▶ [TASK OBJECTIVE]: Restate word for word the entries below, starting with the line with "quat) \<Rightarrow> complex" and continuing through the line with "mat (dim_col U)". Include both of those lines and no others.

====== GIVEN RECORDS

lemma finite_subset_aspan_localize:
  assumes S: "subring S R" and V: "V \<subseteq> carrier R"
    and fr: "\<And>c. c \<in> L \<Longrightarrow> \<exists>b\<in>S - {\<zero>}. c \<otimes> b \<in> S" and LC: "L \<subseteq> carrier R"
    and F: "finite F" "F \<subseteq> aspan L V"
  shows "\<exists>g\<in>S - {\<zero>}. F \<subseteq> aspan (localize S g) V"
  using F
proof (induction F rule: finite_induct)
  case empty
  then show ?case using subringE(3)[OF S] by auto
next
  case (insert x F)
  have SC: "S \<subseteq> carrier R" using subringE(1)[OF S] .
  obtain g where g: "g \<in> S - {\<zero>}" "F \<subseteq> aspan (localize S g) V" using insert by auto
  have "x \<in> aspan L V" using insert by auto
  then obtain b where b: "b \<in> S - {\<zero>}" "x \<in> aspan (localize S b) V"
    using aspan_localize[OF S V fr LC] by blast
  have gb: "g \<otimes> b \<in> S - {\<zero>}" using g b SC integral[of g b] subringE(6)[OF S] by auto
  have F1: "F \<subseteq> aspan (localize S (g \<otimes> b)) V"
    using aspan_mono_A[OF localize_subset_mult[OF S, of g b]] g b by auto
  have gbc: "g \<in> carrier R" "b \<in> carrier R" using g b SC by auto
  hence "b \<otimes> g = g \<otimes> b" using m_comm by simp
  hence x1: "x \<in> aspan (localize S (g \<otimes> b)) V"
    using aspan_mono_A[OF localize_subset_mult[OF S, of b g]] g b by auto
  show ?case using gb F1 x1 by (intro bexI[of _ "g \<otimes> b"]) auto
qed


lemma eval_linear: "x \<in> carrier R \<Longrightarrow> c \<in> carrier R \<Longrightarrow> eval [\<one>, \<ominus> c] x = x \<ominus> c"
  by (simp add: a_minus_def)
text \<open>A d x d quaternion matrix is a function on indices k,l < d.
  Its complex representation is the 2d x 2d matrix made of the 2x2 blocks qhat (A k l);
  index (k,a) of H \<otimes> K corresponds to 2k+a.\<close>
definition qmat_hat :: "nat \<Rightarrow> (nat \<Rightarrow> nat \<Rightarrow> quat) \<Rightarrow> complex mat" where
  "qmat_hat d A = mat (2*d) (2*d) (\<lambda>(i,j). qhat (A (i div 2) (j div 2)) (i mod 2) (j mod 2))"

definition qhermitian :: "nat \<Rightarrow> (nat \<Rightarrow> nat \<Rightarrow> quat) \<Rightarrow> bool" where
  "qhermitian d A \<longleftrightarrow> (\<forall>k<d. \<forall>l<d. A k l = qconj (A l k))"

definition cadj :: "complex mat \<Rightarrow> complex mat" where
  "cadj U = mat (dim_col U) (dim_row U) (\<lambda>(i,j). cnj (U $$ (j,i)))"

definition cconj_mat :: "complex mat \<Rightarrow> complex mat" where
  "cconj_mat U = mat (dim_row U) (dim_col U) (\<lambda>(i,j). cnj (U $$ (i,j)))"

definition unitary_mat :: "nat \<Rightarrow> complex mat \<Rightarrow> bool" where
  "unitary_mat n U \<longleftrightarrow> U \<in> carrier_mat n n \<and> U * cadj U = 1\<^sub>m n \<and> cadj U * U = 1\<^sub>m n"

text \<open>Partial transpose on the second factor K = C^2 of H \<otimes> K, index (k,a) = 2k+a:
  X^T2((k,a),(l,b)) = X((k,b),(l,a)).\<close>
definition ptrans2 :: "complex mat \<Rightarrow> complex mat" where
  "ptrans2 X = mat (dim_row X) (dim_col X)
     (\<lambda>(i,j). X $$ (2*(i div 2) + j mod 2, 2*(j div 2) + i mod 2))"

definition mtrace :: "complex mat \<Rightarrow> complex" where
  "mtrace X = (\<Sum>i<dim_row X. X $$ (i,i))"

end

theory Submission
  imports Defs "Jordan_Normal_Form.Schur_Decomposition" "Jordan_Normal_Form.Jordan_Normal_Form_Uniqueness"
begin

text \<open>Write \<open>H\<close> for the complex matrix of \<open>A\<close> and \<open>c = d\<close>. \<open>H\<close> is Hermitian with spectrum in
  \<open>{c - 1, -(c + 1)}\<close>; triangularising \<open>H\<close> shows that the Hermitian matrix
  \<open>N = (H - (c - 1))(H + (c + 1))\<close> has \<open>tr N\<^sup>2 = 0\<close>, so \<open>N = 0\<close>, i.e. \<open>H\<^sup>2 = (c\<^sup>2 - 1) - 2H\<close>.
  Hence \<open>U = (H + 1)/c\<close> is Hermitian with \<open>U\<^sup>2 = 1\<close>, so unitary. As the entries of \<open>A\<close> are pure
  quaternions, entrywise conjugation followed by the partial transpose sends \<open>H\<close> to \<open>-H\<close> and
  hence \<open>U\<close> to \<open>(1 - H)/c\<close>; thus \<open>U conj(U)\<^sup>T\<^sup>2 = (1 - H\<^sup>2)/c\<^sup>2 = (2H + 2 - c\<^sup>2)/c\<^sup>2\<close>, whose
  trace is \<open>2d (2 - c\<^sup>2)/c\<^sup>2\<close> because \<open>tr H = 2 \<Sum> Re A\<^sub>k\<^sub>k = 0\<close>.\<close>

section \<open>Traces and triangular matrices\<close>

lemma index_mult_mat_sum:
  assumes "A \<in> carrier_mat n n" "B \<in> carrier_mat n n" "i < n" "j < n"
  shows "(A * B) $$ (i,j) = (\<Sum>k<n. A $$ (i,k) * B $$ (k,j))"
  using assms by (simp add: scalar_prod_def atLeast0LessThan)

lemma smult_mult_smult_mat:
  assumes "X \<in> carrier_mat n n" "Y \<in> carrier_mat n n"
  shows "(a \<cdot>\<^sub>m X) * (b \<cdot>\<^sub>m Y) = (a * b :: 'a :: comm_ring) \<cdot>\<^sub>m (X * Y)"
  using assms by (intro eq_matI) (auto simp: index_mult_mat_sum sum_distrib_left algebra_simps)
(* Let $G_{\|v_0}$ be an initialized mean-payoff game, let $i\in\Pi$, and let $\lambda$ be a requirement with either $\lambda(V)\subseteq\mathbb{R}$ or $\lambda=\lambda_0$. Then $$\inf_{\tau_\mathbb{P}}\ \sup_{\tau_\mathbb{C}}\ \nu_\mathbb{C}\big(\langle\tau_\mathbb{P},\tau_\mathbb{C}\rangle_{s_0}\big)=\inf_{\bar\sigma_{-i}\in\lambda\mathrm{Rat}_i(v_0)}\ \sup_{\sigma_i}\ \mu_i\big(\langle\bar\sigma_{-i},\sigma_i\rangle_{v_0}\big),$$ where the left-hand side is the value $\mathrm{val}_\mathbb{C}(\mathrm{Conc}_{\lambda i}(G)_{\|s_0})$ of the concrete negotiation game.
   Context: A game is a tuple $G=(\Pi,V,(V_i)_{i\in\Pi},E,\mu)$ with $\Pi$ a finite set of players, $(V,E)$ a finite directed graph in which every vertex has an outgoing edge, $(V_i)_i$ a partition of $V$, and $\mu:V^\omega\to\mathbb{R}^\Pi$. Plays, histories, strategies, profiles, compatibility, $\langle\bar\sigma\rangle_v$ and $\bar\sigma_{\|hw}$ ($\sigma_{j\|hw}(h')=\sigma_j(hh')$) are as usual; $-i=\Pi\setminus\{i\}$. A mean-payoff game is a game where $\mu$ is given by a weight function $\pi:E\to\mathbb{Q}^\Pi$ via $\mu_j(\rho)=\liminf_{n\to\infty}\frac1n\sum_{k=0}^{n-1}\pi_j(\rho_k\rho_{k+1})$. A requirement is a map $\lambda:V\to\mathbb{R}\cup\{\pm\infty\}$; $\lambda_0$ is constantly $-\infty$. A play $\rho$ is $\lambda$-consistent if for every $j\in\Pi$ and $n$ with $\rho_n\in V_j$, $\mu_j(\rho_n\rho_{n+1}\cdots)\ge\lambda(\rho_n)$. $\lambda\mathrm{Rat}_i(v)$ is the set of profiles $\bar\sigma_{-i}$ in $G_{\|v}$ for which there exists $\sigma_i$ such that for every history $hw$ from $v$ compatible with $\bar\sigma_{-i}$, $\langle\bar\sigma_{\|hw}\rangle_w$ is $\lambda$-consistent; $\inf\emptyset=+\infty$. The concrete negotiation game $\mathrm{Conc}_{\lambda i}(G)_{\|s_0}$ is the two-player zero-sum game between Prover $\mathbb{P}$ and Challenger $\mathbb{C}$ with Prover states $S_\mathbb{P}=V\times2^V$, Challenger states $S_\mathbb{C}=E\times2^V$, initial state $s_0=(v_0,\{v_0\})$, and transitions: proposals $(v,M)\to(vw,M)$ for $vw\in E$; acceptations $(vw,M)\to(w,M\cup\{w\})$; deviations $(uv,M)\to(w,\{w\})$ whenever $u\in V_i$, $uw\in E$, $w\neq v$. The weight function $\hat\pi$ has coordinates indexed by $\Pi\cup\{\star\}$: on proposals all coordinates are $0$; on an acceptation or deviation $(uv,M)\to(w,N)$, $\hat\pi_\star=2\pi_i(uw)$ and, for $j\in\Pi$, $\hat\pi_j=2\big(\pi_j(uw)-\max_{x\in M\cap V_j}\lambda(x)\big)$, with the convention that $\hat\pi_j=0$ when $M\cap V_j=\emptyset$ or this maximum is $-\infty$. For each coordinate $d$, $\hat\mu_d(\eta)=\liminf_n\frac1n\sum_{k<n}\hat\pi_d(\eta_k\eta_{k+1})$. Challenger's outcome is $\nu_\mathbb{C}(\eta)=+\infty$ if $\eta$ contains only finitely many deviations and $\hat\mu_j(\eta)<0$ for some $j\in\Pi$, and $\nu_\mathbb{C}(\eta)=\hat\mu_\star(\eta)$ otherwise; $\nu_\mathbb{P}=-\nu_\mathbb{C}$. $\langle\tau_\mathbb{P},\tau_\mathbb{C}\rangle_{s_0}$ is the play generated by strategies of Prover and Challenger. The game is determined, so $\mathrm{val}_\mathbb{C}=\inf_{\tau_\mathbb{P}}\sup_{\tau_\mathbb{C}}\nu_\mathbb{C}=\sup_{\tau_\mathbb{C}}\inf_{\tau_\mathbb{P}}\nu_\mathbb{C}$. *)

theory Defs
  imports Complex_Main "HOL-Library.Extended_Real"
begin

============

▶ [ANSWER BOX]:
definition qmat_hat :: "nat \<Rightarrow> (nat \<Rightarrow> nat \<Rightarrow> quat) \<Rightarrow> complex mat" where
  "qmat_hat d A = mat (2*d) (2*d) (\<lambda>(i,j). qhat (A (i div 2) (j div 2)) (i mod 2) (j mod 2))"

definition qhermitian :: "nat \<Rightarrow> (nat \<Rightarrow> nat \<Rightarrow> quat) \<Rightarrow> bool" where
  "qhermitian d A \<longleftrightarrow> (\<forall>k<d. \<forall>l<d. A k l = qconj (A l k))"

definition cadj :: "complex mat \<Rightarrow> complex mat" where
  "cadj U = mat (dim_col U) (dim_row U) (\<lambda>(i,j). cnj (U $$ (j,i)))"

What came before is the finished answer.